EXERCISE REQUIREMENTS: Go through the records line by line and work out how many lines hold the word "yields". Answer with the number only.

RECORDS SHOWN:

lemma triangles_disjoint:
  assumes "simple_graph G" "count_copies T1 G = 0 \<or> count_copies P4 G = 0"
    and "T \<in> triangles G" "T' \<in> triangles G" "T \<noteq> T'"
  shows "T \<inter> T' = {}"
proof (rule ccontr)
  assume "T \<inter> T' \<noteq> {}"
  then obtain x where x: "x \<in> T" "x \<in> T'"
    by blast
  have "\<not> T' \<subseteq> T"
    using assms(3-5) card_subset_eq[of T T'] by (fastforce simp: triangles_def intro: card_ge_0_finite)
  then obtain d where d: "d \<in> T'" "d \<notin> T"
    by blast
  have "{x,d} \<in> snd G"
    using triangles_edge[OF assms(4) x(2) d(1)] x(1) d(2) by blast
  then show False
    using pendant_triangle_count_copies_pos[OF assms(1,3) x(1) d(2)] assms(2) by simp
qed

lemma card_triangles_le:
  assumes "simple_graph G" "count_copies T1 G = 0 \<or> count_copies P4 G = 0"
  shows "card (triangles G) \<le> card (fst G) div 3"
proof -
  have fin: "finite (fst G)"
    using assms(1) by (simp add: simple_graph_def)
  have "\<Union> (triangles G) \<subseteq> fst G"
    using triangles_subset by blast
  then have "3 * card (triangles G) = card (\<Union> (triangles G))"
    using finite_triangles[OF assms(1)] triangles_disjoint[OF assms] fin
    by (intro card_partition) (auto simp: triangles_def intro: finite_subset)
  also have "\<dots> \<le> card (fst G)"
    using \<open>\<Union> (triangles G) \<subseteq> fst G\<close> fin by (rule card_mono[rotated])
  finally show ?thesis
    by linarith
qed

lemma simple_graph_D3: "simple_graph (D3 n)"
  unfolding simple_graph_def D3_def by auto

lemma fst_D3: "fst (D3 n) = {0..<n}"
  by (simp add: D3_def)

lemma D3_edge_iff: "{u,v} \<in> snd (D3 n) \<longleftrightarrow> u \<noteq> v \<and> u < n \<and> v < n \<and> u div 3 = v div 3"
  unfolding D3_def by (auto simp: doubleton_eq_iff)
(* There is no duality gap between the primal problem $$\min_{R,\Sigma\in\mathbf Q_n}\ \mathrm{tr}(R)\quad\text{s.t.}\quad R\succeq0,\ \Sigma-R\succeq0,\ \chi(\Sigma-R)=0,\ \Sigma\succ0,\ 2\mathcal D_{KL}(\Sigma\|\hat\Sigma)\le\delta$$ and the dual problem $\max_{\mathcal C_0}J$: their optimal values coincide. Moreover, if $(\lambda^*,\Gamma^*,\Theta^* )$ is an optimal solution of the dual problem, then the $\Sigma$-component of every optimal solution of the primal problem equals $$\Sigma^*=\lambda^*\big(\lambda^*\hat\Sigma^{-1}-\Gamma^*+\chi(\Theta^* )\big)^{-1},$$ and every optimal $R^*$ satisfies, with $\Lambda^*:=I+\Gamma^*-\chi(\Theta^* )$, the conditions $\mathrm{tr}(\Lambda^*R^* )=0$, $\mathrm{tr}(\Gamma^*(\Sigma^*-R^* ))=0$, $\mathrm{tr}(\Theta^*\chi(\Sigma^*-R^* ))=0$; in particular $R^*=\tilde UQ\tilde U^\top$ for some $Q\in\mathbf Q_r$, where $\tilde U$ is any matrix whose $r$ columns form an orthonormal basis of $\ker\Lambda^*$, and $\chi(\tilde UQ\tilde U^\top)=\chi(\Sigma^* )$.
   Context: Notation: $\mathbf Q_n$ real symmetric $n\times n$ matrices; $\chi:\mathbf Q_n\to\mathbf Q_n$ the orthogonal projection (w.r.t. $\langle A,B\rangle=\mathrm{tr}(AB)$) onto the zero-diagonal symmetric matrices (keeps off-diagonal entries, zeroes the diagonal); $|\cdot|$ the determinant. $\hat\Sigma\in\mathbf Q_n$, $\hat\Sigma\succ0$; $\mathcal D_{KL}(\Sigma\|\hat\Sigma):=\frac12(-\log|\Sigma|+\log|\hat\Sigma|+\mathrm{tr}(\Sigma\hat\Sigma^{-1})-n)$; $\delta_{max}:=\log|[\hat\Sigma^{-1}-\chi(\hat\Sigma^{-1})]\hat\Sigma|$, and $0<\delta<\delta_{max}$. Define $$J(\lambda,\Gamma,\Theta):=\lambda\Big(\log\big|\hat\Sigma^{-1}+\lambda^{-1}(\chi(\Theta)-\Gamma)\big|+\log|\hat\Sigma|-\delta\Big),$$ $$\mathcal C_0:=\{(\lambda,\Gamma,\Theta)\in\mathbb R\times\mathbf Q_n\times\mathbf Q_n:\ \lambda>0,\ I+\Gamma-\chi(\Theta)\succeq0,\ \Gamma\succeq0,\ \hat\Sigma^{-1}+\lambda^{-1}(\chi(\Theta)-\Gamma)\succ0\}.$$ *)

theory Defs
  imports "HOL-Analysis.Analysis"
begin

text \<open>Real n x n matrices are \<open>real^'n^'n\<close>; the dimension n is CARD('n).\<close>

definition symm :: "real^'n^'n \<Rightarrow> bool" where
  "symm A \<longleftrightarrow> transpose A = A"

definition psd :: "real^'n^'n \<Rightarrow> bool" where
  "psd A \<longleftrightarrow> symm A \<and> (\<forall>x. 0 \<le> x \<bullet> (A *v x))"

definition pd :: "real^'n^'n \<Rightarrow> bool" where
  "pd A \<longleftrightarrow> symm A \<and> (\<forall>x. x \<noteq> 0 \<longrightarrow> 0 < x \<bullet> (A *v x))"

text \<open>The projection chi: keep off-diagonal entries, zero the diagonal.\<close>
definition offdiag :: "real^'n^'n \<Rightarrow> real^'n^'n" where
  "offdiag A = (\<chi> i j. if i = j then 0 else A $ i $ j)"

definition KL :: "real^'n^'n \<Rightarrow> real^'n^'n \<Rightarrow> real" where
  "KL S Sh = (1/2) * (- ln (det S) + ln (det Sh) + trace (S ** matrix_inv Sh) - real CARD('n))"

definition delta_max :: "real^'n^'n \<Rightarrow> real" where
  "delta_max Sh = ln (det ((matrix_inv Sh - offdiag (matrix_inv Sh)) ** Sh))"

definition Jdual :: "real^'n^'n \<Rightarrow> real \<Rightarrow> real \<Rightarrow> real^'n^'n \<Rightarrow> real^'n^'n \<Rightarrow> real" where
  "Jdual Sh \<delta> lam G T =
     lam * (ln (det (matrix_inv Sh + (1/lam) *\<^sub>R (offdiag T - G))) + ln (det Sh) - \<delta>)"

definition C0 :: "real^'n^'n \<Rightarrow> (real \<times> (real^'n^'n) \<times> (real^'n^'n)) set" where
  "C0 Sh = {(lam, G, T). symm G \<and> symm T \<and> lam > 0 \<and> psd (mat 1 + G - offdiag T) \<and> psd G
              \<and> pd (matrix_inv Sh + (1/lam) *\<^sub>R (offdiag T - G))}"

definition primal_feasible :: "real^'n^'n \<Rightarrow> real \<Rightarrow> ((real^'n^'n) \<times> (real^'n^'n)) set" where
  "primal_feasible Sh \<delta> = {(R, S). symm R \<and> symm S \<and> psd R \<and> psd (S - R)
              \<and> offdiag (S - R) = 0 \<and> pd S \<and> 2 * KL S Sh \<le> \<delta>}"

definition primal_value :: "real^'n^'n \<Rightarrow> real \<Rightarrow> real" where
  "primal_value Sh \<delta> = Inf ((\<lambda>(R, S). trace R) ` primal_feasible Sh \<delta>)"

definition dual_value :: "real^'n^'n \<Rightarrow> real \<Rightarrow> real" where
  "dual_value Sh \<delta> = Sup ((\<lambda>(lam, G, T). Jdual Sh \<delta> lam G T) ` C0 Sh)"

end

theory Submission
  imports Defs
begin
* * *
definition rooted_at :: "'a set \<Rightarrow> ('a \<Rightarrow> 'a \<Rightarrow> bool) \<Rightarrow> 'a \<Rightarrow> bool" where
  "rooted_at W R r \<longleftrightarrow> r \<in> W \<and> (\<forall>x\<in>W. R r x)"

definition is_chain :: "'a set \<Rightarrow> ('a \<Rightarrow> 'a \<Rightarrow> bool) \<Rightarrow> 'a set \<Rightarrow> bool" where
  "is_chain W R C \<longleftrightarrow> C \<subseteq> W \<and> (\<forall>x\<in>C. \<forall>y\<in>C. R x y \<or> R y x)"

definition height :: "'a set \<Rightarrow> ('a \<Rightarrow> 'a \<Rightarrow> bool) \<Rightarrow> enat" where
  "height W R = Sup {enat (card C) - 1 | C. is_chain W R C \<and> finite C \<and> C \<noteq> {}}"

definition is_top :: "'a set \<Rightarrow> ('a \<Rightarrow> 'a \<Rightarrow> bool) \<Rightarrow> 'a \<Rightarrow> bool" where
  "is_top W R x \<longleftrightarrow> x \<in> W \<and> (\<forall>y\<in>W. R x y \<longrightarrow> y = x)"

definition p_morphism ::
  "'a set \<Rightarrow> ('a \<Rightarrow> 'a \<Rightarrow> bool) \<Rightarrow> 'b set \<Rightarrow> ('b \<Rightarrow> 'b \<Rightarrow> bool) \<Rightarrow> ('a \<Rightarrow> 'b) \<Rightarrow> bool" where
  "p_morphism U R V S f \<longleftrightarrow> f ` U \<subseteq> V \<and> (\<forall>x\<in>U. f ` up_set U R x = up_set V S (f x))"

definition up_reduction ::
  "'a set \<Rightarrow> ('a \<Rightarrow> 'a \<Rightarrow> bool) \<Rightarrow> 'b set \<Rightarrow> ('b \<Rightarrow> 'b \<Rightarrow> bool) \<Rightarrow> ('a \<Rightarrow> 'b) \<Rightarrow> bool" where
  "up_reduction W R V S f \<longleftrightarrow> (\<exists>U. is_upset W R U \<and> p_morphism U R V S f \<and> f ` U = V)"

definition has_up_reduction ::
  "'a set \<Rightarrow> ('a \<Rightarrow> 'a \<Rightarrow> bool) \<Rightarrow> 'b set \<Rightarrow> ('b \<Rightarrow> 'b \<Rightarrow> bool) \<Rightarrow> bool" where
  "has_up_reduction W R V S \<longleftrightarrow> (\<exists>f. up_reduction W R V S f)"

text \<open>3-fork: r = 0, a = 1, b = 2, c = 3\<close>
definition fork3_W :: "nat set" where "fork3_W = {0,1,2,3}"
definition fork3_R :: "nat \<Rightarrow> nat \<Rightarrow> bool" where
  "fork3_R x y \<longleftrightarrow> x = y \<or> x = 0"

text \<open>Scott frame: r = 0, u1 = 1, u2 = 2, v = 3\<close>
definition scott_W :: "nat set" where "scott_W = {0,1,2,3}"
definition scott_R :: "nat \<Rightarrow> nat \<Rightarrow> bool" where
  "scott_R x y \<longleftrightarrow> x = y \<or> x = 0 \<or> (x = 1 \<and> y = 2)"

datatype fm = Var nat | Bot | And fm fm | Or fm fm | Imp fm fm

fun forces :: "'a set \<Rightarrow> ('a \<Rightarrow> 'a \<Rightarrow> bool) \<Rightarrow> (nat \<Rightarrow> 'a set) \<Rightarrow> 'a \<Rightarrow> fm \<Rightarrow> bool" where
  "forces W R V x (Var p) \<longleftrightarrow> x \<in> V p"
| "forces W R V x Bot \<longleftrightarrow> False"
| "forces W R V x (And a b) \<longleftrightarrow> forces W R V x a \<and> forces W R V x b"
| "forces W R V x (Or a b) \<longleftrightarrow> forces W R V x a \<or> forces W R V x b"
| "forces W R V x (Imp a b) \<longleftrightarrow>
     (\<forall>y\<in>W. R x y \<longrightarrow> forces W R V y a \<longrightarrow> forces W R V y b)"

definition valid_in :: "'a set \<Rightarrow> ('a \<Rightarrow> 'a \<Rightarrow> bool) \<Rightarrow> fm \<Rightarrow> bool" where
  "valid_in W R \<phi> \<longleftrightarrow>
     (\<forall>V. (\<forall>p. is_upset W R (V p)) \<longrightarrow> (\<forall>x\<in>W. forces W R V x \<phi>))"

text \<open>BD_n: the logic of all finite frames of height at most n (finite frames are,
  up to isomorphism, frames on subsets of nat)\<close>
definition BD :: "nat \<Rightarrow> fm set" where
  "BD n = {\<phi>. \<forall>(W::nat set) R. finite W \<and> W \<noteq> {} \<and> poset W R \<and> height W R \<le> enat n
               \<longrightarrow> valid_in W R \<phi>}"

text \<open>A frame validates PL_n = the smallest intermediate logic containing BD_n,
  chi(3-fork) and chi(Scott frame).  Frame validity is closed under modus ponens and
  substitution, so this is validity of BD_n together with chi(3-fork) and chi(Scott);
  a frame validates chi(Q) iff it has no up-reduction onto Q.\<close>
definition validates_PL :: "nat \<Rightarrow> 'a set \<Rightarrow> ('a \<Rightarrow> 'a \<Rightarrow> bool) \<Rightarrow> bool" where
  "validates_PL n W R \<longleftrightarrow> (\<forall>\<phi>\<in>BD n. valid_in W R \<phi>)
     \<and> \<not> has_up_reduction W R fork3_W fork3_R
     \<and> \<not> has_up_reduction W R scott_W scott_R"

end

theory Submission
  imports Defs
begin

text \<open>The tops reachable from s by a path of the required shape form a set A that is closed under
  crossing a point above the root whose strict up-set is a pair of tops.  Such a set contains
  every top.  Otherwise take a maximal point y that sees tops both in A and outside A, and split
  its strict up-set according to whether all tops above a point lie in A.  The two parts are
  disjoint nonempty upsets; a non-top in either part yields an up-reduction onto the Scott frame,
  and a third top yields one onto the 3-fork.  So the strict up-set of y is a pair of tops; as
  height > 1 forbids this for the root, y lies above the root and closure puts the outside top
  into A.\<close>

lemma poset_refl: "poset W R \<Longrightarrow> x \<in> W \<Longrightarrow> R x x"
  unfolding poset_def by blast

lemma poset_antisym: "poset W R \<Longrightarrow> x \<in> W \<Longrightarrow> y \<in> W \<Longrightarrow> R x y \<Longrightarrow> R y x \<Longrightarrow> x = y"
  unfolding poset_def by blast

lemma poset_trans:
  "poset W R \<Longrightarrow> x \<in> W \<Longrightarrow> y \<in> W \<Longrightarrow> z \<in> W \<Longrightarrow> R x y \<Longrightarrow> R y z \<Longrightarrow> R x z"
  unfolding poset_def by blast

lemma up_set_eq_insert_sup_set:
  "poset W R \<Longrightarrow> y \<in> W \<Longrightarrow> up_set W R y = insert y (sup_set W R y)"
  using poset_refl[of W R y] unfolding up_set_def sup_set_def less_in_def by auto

YOUR RESPONSE: 2